Exercise objective
Needed from the data below: every line from the one with "(range (of_int :: int" up to and including the one with "by (simp add: inj_def)", repeated exactly and with nothing else.

Dataset entries
------------------------------------

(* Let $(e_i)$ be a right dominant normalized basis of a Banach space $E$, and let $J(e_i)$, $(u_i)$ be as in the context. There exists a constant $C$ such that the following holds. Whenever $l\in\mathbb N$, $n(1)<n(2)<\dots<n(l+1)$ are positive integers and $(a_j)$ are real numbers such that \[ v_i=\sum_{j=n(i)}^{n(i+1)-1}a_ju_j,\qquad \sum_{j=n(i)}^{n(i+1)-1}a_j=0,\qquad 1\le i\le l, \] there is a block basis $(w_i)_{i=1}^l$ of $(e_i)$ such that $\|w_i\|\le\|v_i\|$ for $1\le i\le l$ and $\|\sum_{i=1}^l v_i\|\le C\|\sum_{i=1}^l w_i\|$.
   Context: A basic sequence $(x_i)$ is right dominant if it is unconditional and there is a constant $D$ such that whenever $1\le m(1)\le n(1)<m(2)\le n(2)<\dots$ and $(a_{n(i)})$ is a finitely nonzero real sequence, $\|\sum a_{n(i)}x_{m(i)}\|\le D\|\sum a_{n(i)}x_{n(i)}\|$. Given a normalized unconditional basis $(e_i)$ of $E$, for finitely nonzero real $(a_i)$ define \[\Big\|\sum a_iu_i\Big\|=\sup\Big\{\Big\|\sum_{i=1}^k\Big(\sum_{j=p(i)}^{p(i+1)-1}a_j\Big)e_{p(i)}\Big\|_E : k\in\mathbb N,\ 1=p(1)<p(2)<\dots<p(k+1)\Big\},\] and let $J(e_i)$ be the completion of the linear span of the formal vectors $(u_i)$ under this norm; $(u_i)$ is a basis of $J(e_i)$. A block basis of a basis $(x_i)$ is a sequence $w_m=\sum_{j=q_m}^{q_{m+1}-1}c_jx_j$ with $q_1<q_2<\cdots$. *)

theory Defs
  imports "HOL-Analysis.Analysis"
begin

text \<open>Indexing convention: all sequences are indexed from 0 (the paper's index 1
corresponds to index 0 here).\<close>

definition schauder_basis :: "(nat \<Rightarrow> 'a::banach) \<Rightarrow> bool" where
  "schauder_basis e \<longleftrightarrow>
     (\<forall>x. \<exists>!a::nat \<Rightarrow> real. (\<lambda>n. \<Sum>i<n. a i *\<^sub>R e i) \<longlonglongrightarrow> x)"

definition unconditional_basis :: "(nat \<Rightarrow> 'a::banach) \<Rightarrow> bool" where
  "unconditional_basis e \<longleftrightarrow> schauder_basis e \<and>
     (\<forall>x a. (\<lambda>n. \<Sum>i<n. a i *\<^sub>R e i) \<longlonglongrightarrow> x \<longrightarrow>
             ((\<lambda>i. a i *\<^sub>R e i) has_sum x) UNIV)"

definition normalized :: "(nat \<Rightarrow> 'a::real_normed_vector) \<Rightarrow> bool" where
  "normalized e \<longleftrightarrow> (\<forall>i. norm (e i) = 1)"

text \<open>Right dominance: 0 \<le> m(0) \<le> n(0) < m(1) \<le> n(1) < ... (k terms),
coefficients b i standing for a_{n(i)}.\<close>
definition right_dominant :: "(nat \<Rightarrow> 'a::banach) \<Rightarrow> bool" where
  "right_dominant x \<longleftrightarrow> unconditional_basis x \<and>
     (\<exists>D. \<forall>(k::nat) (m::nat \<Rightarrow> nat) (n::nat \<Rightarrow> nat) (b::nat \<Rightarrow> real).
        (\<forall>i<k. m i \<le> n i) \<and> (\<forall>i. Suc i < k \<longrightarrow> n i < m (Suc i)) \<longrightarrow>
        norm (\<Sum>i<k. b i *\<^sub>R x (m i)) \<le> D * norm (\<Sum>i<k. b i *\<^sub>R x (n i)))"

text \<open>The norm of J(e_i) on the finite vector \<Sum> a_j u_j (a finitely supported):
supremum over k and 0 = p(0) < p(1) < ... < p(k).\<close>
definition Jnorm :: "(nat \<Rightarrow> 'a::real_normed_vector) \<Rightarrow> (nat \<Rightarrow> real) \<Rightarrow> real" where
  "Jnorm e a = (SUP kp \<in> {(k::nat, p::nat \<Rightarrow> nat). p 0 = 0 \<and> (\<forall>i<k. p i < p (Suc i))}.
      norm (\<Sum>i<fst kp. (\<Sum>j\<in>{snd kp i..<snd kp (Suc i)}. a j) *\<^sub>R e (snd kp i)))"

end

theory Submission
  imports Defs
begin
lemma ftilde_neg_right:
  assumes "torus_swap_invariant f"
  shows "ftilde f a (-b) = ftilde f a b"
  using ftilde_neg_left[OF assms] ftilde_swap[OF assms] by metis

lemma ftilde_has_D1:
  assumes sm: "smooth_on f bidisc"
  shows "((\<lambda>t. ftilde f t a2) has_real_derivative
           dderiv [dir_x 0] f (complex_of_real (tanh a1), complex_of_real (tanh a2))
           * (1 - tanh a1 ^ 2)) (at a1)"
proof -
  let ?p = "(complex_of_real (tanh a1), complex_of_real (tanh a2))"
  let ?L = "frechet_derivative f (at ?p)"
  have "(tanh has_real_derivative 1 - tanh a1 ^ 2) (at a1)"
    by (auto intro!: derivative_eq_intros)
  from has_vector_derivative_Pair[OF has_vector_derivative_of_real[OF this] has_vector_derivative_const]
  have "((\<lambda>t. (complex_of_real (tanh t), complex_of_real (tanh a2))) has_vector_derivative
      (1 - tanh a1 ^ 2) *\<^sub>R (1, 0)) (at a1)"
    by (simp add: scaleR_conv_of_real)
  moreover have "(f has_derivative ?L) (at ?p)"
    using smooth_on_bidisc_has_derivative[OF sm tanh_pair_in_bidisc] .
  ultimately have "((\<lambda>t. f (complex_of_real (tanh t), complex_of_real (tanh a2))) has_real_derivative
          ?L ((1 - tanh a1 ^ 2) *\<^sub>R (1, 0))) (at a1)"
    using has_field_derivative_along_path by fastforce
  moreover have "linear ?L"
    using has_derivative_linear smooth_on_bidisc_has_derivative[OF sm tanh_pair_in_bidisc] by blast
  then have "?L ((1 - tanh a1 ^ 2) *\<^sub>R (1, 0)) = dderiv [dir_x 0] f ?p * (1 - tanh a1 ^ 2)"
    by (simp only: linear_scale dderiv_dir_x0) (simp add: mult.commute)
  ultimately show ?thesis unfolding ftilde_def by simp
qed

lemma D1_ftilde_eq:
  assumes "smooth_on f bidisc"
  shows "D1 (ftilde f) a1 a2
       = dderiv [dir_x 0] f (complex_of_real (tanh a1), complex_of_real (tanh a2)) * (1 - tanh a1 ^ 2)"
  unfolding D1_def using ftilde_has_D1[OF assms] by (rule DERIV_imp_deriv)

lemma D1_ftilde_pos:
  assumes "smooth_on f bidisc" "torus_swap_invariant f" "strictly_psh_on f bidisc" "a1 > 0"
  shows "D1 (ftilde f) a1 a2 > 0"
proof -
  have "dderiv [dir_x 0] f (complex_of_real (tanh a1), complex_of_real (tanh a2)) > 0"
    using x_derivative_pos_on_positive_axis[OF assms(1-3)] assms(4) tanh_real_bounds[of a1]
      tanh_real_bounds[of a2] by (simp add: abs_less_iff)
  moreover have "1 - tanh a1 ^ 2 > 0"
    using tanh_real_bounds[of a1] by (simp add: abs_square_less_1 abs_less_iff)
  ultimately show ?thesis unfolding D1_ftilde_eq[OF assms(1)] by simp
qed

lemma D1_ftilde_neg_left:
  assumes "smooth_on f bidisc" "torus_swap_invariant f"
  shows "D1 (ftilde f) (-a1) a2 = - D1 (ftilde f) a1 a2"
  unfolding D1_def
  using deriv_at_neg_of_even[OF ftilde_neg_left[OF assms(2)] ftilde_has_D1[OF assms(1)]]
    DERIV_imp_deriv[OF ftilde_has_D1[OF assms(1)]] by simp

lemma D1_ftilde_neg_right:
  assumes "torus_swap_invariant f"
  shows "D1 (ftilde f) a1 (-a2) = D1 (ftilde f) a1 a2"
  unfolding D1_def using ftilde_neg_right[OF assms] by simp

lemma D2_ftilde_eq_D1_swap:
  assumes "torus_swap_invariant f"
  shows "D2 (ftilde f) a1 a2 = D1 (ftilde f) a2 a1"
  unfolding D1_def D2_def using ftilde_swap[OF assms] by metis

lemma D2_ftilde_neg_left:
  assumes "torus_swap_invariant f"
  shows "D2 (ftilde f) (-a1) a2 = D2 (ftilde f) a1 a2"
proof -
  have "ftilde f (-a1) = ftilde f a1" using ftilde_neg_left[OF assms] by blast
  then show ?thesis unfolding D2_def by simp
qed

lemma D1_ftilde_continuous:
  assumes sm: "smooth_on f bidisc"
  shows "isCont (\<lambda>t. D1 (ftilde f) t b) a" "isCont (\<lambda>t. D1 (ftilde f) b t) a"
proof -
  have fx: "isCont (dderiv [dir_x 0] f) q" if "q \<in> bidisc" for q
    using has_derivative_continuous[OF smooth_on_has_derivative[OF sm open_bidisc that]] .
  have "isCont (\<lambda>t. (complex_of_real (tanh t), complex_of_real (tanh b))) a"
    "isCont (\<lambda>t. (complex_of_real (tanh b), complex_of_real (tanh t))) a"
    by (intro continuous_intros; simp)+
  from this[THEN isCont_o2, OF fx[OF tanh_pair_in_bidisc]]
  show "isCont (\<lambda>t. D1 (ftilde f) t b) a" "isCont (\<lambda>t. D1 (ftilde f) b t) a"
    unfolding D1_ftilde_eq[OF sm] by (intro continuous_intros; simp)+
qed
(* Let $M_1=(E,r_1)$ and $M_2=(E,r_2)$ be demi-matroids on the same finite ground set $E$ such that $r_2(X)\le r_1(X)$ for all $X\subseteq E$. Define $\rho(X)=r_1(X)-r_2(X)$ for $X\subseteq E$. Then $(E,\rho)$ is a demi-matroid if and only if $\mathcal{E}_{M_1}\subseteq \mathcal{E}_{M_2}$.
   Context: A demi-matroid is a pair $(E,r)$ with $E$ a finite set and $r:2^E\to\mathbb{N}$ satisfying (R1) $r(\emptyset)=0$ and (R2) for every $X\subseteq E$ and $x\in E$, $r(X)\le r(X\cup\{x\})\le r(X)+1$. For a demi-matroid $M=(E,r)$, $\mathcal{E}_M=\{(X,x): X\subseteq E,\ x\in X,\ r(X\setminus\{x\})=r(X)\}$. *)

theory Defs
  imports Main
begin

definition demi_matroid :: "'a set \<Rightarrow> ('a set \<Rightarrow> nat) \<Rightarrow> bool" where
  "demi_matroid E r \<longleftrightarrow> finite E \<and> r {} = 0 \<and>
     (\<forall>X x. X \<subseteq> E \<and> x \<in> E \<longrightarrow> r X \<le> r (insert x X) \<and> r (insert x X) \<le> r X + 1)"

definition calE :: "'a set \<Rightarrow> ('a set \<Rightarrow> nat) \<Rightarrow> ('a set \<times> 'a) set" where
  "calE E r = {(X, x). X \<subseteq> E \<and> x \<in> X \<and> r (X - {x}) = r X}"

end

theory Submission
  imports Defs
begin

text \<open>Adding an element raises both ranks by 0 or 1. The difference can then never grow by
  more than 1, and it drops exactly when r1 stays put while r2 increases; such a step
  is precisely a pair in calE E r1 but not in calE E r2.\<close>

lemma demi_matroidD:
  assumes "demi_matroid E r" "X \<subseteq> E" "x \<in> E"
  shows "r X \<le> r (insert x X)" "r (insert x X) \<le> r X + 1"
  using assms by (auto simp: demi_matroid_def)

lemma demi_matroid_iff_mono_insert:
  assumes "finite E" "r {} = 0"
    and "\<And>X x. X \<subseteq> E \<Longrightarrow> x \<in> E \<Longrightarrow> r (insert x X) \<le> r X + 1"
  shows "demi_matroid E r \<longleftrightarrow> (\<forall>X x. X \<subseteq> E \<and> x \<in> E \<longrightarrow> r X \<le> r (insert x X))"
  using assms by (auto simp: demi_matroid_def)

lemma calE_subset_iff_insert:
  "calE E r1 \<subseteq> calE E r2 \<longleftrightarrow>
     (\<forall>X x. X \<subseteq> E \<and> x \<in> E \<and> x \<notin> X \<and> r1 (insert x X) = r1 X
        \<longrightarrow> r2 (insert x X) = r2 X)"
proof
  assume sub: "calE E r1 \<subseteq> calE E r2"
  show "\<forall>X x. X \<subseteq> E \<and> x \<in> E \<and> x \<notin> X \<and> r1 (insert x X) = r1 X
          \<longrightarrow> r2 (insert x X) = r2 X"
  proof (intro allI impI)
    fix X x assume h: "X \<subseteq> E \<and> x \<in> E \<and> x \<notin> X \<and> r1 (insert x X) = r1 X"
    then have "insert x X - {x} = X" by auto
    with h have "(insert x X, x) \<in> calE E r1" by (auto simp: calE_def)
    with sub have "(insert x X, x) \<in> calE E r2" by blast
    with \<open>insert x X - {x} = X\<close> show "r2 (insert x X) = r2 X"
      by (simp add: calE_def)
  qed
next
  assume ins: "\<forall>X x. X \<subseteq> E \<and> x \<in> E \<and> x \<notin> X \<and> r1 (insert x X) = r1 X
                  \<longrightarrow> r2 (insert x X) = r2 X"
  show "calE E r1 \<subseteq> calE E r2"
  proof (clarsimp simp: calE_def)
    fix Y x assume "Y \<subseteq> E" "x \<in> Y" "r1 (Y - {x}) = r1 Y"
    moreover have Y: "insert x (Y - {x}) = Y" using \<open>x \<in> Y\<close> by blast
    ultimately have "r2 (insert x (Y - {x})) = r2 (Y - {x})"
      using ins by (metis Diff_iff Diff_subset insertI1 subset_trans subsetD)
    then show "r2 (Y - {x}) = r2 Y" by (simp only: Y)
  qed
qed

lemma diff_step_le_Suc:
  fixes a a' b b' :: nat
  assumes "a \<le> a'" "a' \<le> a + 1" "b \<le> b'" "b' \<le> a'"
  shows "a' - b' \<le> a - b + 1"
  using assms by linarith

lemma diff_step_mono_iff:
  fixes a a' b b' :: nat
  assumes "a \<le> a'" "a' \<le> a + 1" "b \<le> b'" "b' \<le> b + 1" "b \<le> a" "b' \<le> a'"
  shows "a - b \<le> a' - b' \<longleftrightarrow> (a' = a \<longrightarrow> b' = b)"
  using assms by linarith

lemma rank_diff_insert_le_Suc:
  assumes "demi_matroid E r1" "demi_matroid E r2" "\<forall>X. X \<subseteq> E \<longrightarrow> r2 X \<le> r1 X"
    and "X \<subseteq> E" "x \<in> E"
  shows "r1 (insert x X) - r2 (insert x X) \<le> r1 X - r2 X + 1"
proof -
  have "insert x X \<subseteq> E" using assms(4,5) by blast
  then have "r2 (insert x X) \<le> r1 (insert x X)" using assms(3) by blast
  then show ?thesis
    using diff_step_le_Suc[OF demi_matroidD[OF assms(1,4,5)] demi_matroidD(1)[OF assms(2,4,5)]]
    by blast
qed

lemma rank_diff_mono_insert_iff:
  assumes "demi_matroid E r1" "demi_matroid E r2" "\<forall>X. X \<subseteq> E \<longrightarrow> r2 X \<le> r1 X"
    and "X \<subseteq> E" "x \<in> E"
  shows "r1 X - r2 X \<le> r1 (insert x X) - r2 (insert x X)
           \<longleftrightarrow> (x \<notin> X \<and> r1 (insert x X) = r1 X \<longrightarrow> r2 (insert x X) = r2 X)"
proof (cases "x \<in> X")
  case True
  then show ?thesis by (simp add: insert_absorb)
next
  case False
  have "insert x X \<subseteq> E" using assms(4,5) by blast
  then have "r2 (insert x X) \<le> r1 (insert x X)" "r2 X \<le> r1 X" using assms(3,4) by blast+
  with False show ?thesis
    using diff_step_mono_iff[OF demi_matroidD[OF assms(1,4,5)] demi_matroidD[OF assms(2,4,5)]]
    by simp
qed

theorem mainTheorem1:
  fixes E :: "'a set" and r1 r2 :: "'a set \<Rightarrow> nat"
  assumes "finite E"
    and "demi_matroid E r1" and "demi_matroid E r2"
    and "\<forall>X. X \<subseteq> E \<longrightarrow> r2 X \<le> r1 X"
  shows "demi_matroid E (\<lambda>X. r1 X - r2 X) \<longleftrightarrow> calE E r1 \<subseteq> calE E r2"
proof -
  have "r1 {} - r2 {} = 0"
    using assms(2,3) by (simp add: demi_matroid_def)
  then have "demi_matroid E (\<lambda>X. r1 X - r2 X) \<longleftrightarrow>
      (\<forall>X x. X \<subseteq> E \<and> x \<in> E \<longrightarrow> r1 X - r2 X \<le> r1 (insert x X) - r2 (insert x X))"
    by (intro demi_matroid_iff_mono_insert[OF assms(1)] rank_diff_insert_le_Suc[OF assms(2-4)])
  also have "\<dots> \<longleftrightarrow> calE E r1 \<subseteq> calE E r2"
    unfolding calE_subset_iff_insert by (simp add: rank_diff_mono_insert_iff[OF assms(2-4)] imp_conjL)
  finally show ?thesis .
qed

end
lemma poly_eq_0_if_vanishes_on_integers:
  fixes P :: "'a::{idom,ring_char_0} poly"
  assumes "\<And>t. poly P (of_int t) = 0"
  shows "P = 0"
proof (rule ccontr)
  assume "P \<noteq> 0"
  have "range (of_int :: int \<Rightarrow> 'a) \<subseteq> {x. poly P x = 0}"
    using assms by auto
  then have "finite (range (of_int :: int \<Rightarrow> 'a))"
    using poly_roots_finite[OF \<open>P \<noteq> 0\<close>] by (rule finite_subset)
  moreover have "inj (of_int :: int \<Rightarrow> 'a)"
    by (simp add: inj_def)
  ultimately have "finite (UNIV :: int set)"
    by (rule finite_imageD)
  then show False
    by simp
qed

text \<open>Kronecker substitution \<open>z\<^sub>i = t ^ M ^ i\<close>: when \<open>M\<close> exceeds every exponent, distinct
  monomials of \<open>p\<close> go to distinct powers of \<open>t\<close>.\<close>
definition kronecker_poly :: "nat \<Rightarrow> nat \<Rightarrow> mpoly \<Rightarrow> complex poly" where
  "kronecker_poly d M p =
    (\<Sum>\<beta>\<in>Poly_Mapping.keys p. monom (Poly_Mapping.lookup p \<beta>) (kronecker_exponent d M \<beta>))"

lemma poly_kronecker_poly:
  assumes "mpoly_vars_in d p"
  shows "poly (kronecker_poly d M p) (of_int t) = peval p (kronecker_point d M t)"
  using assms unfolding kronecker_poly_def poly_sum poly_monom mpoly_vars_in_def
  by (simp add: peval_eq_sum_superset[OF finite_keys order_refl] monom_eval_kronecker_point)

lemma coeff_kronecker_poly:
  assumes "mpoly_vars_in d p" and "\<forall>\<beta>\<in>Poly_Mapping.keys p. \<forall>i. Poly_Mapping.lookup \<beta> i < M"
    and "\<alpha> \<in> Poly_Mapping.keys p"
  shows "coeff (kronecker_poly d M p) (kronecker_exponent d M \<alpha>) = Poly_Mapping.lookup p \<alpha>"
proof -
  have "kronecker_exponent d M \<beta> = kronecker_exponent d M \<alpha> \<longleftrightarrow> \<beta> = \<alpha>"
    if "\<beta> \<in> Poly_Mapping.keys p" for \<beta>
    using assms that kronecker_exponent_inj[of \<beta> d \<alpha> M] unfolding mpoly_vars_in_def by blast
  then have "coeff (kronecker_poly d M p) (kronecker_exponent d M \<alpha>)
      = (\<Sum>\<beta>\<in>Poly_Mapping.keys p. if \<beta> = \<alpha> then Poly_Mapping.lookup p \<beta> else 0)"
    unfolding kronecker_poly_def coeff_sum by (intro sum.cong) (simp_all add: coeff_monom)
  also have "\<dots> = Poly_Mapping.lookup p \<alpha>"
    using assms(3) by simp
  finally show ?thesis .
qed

------------------------------------

Solution for this problem
  then have "finite (range (of_int :: int \<Rightarrow> 'a))"
    using poly_roots_finite[OF \<open>P \<noteq> 0\<close>] by (rule finite_subset)
  moreover have "inj (of_int :: int \<Rightarrow> 'a)"
    by (simp add: inj_def)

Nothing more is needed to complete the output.